Saved entries:
lemma spectral_fun_unique:
  fixes Q Q' :: "real^'n^'n"
  assumes Q: "orthogonal_matrix Q" and Q': "orthogonal_matrix Q'"
    and X: "Q ** diag_mat lam ** transpose Q = Q' ** diag_mat lam' ** transpose Q'"
  shows "Q ** diag_mat (\<chi> i. g (lam$i)) ** transpose Q = Q' ** diag_mat (\<chi> i. g (lam'$i)) ** transpose Q'"
    (is "?Y = ?Y'")
proof -
  have QtQ': "transpose Q' ** Q' = mat 1" and QQt': "Q' ** transpose Q' = mat 1"
    using Q' by (auto simp: orthogonal_matrix_def)
  have "?Y *v (Q' *v axis i 1) = ?Y' *v (Q' *v axis i 1)" for i
  proof -
    have "diag_mat lam' *v axis i 1 = lam'$i *\<^sub>R axis i 1"
      by (simp add: vec_eq_iff diag_mat_mult_vec axis_def)
    then have "(Q' ** diag_mat lam' ** transpose Q') *v (Q' *v axis i 1) = lam'$i *\<^sub>R (Q' *v axis i 1)"
      by (simp add: matrix_vector_mul_assoc matrix_vector_mult_scaleR QtQ'
          flip: matrix_mul_assoc[of "Q' ** diag_mat lam'"] matrix_vector_mul_assoc[of Q'])
    then show ?thesis
      using spectral_fun_eigenvector[OF Q] spectral_fun_eigenvector[OF Q'] X by metis
  qed
  then have "(?Y ** Q') *v axis i 1 = (?Y' ** Q') *v axis i 1" for i
    by (simp only: matrix_vector_mul_assoc)
  then have "?Y ** Q' = ?Y' ** Q'"
    by (auto simp: matrix_vector_mult_basis vec_eq_iff column_def)
  then have "?Y ** Q' ** transpose Q' = ?Y' ** Q' ** transpose Q'" by simp
  then show ?thesis by (simp add: QQt' flip: matrix_mul_assoc)
qed

lemma mat_fun_diag:
  fixes Q :: "real^'n^'n"
  assumes Q: "orthogonal_matrix Q"
  shows "mat_fun g (Q ** diag_mat lam ** transpose Q) = Q ** diag_mat (\<chi> i. g (lam$i)) ** transpose Q"
proof -
  define P where "P Y \<longleftrightarrow> (\<exists>Q' lam'. orthogonal_matrix Q' \<and>
       Q ** diag_mat lam ** transpose Q = Q' ** diag_mat lam' ** transpose Q' \<and>
       Y = Q' ** diag_mat (\<chi> i. g (lam'$i)) ** transpose Q')" for Y
  have "P (Q ** diag_mat (\<chi> i. g (lam$i)) ** transpose Q)"
    unfolding P_def using Q by blast
  moreover have "Y = Q ** diag_mat (\<chi> i. g (lam$i)) ** transpose Q" if "P Y" for Y
    using that spectral_fun_unique[OF Q] unfolding P_def by metis
  ultimately show ?thesis
    unfolding mat_fun_def P_def[symmetric] by (rule someI2)
qed

lemma mat_fun_orthogonal_conj:
  fixes S M :: "real^'n^'n"
  assumes S: "orthogonal_matrix S" and M: "transpose M = M"
  shows "mat_fun g (S ** M ** transpose S) = S ** mat_fun g M ** transpose S"
proof -
  obtain Q lam where Q: "orthogonal_matrix Q" and M: "M = Q ** diag_mat lam ** transpose Q"
    using symmetric_matrix_diagonalization[OF M] by blast
  have "S ** M ** transpose S = (S ** Q) ** diag_mat lam ** transpose (S ** Q)"
    by (simp add: M matrix_transpose_mul matrix_mul_assoc)
  then show ?thesis
    using mat_fun_diag[OF orthogonal_matrix_mul[OF S Q]] mat_fun_diag[OF Q]
    by (simp add: M matrix_transpose_mul matrix_mul_assoc)
qed

lemma trace_orthogonal_conj:
  fixes S :: "real^'n^'n"
  assumes "orthogonal_matrix S"
  shows "trace (S ** Y ** transpose S) = trace Y"
proof -
  have "trace (S ** Y ** transpose S) = trace (transpose S ** (S ** Y))"
    by (rule trace_mul_sym)
  also have "\<dots> = trace Y"
    using assms by (simp add: matrix_mul_assoc orthogonal_matrix_def)
  finally show ?thesis .
qed

theorem lemma1:
  fixes \<rho> :: "complex^'d^'d"
    and Z :: "'n::finite \<Rightarrow> complex^'d^'d"
    and S :: "real^'n^'n"
    and \<theta> :: "real^'n"
    and f :: "real \<Rightarrow> real"
    and I :: "real set"
  assumes "density_operator \<rho>"
    and "\<forall>j. hermitian (Z j)"
    and "\<forall>j k. Z j ** Z k = Z k ** Z j"
    and "orthogonal_matrix S"
    and "is_interval I"
    and "real_spectrum (qfi_matrix (unitary_family Z \<rho>) \<theta>) \<subseteq> I"
    and "continuous_on I f"
    and "monotone_on I (<) (<) f \<or> monotone_on I (<) (>) f"
  shows "f_mean I f (qfi_matrix (unitary_family (\<lambda>j. \<Sum>k\<in>UNIV. S$j$k *\<^sub>R Z k) \<rho>) \<theta>)
       = f_mean I f (qfi_matrix (unitary_family Z \<rho>) \<theta>)"
proof -
  let ?F = "qfi_matrix (unitary_family Z \<rho>) \<theta>"
  let ?F' = "qfi_matrix (unitary_family (\<lambda>j. \<Sum>k\<in>UNIV. S$j$k *\<^sub>R Z k) \<rho>) \<theta>"
  have "?F' = S ** ?F ** transpose S"
    using qfi_matrix_mix[OF assms(1-3)] by (simp add: mix_def)
  moreover have "transpose ?F = ?F"
    by (rule qfi_matrix_symmetric[OF assms(1-3)])
  ultimately have "trace (mat_fun f ?F') = trace (mat_fun f ?F)"
    by (simp add: mat_fun_orthogonal_conj trace_orthogonal_conj assms(4))
  then show ?thesis
    by (simp add: f_mean_def)
qed

end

Your objective: Every line above needs to be repeated exactly as shown.

Output of the task:
lemma spectral_fun_unique:
  fixes Q Q' :: "real^'n^'n"
  assumes Q: "orthogonal_matrix Q" and Q': "orthogonal_matrix Q'"
    and X: "Q ** diag_mat lam ** transpose Q = Q' ** diag_mat lam' ** transpose Q'"
  shows "Q ** diag_mat (\<chi> i. g (lam$i)) ** transpose Q = Q' ** diag_mat (\<chi> i. g (lam'$i)) ** transpose Q'"
    (is "?Y = ?Y'")
proof -
  have QtQ': "transpose Q' ** Q' = mat 1" and QQt': "Q' ** transpose Q' = mat 1"
    using Q' by (auto simp: orthogonal_matrix_def)
  have "?Y *v (Q' *v axis i 1) = ?Y' *v (Q' *v axis i 1)" for i
  proof -
    have "diag_mat lam' *v axis i 1 = lam'$i *\<^sub>R axis i 1"
      by (simp add: vec_eq_iff diag_mat_mult_vec axis_def)
    then have "(Q' ** diag_mat lam' ** transpose Q') *v (Q' *v axis i 1) = lam'$i *\<^sub>R (Q' *v axis i 1)"
      by (simp add: matrix_vector_mul_assoc matrix_vector_mult_scaleR QtQ'
          flip: matrix_mul_assoc[of "Q' ** diag_mat lam'"] matrix_vector_mul_assoc[of Q'])
    then show ?thesis
      using spectral_fun_eigenvector[OF Q] spectral_fun_eigenvector[OF Q'] X by metis
  qed
  then have "(?Y ** Q') *v axis i 1 = (?Y' ** Q') *v axis i 1" for i
    by (simp only: matrix_vector_mul_assoc)
  then have "?Y ** Q' = ?Y' ** Q'"
    by (auto simp: matrix_vector_mult_basis vec_eq_iff column_def)
  then have "?Y ** Q' ** transpose Q' = ?Y' ** Q' ** transpose Q'" by simp
  then show ?thesis by (simp add: QQt' flip: matrix_mul_assoc)
qed

lemma mat_fun_diag:
  fixes Q :: "real^'n^'n"
  assumes Q: "orthogonal_matrix Q"
  shows "mat_fun g (Q ** diag_mat lam ** transpose Q) = Q ** diag_mat (\<chi> i. g (lam$i)) ** transpose Q"
proof -
  define P where "P Y \<longleftrightarrow> (\<exists>Q' lam'. orthogonal_matrix Q' \<and>
       Q ** diag_mat lam ** transpose Q = Q' ** diag_mat lam' ** transpose Q' \<and>
       Y = Q' ** diag_mat (\<chi> i. g (lam'$i)) ** transpose Q')" for Y
  have "P (Q ** diag_mat (\<chi> i. g (lam$i)) ** transpose Q)"
    unfolding P_def using Q by blast
  moreover have "Y = Q ** diag_mat (\<chi> i. g (lam$i)) ** transpose Q" if "P Y" for Y
    using that spectral_fun_unique[OF Q] unfolding P_def by metis
  ultimately show ?thesis
    unfolding mat_fun_def P_def[symmetric] by (rule someI2)
qed

lemma mat_fun_orthogonal_conj:
  fixes S M :: "real^'n^'n"
  assumes S: "orthogonal_matrix S" and M: "transpose M = M"
  shows "mat_fun g (S ** M ** transpose S) = S ** mat_fun g M ** transpose S"
proof -
  obtain Q lam where Q: "orthogonal_matrix Q" and M: "M = Q ** diag_mat lam ** transpose Q"
    using symmetric_matrix_diagonalization[OF M] by blast
  have "S ** M ** transpose S = (S ** Q) ** diag_mat lam ** transpose (S ** Q)"
    by (simp add: M matrix_transpose_mul matrix_mul_assoc)
  then show ?thesis
    using mat_fun_diag[OF orthogonal_matrix_mul[OF S Q]] mat_fun_diag[OF Q]
    by (simp add: M matrix_transpose_mul matrix_mul_assoc)
qed

lemma trace_orthogonal_conj:
  fixes S :: "real^'n^'n"
  assumes "orthogonal_matrix S"
  shows "trace (S ** Y ** transpose S) = trace Y"
proof -
  have "trace (S ** Y ** transpose S) = trace (transpose S ** (S ** Y))"
    by (rule trace_mul_sym)
  also have "\<dots> = trace Y"
    using assms by (simp add: matrix_mul_assoc orthogonal_matrix_def)
  finally show ?thesis .
qed

theorem lemma1:
  fixes \<rho> :: "complex^'d^'d"
    and Z :: "'n::finite \<Rightarrow> complex^'d^'d"
    and S :: "real^'n^'n"
    and \<theta> :: "real^'n"
    and f :: "real \<Rightarrow> real"
    and I :: "real set"
  assumes "density_operator \<rho>"
    and "\<forall>j. hermitian (Z j)"
    and "\<forall>j k. Z j ** Z k = Z k ** Z j"
    and "orthogonal_matrix S"
    and "is_interval I"
    and "real_spectrum (qfi_matrix (unitary_family Z \<rho>) \<theta>) \<subseteq> I"
    and "continuous_on I f"
    and "monotone_on I (<) (<) f \<or> monotone_on I (<) (>) f"
  shows "f_mean I f (qfi_matrix (unitary_family (\<lambda>j. \<Sum>k\<in>UNIV. S$j$k *\<^sub>R Z k) \<rho>) \<theta>)
       = f_mean I f (qfi_matrix (unitary_family Z \<rho>) \<theta>)"
proof -
  let ?F = "qfi_matrix (unitary_family Z \<rho>) \<theta>"
  let ?F' = "qfi_matrix (unitary_family (\<lambda>j. \<Sum>k\<in>UNIV. S$j$k *\<^sub>R Z k) \<rho>) \<theta>"
  have "?F' = S ** ?F ** transpose S"
    using qfi_matrix_mix[OF assms(1-3)] by (simp add: mix_def)
  moreover have "transpose ?F = ?F"
    by (rule qfi_matrix_symmetric[OF assms(1-3)])
  ultimately have "trace (mat_fun f ?F') = trace (mat_fun f ?F)"
    by (simp add: mat_fun_orthogonal_conj trace_orthogonal_conj assms(4))
  then show ?thesis
    by (simp add: f_mean_def)
qed

end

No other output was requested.